Stored data

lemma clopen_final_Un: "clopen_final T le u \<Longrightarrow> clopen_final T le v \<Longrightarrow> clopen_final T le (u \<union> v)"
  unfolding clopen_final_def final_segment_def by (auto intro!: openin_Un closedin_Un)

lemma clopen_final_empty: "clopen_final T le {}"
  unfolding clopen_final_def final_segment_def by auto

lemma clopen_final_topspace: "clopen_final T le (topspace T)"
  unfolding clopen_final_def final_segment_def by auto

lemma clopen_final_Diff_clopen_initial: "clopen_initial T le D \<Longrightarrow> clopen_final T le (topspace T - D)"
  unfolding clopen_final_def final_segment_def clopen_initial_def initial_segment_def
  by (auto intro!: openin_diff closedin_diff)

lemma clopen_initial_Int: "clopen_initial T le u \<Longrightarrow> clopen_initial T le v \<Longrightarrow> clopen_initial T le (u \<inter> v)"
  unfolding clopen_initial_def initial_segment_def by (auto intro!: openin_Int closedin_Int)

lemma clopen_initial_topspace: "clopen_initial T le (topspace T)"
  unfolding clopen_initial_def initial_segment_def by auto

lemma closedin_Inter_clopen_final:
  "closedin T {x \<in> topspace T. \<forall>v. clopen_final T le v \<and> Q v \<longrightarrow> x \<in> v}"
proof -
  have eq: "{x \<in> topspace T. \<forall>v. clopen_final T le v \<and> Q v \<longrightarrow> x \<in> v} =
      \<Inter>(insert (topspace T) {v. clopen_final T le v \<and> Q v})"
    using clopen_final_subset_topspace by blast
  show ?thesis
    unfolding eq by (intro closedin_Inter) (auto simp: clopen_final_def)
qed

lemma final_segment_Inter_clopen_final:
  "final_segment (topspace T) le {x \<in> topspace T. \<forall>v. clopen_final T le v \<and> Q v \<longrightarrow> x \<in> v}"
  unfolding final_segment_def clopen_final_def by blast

--

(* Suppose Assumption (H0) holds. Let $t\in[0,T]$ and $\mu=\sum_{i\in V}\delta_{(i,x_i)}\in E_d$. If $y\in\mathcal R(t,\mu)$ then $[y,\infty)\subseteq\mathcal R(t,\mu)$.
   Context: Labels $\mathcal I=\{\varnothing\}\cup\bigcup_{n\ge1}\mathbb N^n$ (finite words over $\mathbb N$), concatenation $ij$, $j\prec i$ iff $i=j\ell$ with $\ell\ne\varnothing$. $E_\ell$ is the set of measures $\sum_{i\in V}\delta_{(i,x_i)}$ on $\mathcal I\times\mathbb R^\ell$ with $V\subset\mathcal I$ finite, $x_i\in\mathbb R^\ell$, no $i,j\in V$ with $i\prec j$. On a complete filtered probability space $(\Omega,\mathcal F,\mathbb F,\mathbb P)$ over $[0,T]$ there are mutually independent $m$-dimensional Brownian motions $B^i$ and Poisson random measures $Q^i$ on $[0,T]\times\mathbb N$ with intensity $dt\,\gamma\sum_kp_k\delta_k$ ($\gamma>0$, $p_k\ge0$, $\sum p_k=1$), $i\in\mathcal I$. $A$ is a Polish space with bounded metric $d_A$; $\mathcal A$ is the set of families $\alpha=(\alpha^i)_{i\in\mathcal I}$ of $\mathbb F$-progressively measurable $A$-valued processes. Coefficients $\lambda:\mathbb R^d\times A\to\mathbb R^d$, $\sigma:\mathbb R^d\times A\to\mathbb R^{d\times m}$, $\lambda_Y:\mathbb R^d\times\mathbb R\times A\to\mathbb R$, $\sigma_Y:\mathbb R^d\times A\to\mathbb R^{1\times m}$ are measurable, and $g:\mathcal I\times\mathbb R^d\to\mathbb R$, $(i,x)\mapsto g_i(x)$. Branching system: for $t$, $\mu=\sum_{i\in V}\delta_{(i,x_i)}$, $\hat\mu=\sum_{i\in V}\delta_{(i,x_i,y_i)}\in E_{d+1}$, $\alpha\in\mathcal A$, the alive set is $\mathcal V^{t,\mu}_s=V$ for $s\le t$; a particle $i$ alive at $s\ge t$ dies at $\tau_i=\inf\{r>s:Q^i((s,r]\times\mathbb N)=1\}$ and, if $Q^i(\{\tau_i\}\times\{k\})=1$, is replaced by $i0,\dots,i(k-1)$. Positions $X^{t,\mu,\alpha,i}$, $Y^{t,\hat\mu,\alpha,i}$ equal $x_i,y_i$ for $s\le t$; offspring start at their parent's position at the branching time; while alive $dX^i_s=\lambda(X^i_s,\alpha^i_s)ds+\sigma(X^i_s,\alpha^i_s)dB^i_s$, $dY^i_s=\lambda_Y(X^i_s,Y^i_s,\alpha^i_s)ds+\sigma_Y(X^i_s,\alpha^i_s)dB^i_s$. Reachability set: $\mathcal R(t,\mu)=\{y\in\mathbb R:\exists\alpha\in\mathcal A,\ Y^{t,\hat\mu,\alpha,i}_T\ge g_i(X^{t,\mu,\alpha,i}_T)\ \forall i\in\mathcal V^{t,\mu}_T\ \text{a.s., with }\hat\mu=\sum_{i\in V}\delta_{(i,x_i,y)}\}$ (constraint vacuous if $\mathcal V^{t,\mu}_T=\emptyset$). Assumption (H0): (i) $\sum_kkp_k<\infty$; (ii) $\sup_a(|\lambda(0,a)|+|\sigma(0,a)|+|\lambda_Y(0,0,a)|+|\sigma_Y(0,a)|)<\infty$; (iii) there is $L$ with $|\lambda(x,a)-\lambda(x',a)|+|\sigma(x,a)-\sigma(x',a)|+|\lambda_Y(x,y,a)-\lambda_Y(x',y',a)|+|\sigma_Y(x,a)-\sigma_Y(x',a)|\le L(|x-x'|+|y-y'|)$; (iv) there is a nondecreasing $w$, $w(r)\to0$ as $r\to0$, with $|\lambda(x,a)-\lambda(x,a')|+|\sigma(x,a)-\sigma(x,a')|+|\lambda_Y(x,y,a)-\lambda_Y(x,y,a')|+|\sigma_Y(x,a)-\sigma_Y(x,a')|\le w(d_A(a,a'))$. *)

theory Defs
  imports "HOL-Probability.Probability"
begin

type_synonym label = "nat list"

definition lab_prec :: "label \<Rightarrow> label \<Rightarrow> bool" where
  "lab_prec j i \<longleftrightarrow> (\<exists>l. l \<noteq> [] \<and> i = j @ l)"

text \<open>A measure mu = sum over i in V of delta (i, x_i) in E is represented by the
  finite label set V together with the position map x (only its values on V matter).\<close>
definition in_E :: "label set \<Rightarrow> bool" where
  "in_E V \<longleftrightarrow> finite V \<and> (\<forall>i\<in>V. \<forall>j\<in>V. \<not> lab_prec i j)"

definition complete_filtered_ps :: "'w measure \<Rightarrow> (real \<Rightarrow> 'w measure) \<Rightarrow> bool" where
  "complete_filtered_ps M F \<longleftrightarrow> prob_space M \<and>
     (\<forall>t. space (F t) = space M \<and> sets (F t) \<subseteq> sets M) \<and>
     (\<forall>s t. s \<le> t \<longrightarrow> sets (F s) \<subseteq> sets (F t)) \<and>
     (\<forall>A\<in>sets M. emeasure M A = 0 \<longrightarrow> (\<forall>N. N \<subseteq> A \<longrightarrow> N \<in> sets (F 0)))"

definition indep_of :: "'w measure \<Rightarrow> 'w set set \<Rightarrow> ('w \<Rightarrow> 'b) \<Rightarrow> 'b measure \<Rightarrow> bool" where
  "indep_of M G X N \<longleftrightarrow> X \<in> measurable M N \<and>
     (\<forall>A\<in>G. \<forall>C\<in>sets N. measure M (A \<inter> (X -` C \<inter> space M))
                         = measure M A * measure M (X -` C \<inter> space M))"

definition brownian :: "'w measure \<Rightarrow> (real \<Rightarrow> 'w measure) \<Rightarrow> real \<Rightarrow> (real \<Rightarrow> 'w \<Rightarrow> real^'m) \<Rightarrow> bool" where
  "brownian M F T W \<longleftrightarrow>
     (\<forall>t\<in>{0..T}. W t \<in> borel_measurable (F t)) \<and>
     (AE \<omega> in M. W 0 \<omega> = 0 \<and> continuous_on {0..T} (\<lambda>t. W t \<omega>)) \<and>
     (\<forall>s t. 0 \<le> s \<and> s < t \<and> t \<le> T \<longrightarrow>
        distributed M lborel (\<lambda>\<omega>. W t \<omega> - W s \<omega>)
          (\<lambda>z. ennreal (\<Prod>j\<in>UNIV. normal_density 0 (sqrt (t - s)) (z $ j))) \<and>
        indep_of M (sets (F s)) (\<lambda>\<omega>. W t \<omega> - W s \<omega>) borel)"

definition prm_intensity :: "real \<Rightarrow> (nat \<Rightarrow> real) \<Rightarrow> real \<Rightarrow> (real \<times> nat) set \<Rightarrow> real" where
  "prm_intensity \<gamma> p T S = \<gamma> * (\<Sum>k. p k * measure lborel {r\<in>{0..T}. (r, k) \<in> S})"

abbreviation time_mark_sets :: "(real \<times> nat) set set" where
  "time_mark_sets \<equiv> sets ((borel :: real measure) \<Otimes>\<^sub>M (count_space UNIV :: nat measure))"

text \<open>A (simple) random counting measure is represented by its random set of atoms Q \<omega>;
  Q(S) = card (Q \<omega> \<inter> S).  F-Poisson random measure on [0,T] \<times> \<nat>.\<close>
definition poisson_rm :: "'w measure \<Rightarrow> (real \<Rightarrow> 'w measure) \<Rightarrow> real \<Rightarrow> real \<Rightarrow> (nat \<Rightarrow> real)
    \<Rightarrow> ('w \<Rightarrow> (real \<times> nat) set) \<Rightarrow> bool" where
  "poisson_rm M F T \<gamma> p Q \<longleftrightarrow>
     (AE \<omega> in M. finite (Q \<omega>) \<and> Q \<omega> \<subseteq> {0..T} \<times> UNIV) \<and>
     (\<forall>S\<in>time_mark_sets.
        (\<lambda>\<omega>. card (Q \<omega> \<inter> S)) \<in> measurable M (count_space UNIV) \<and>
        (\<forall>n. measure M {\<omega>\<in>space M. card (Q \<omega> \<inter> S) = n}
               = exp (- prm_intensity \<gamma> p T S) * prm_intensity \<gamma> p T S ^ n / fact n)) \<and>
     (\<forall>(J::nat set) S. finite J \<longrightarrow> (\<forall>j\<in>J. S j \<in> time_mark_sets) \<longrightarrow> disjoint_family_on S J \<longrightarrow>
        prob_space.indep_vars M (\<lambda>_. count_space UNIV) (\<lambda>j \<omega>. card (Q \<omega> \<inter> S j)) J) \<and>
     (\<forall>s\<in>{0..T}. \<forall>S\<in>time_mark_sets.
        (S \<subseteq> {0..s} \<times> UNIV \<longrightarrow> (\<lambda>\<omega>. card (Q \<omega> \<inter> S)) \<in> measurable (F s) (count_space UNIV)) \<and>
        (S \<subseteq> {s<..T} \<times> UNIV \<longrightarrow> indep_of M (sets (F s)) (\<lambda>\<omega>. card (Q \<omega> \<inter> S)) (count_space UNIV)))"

▶ [YOUR TASK]: Lines with the string "definition" in the data above: say how many there are, giving the number alone.

▶ [ANSWER TO THE PROBLEM]: 7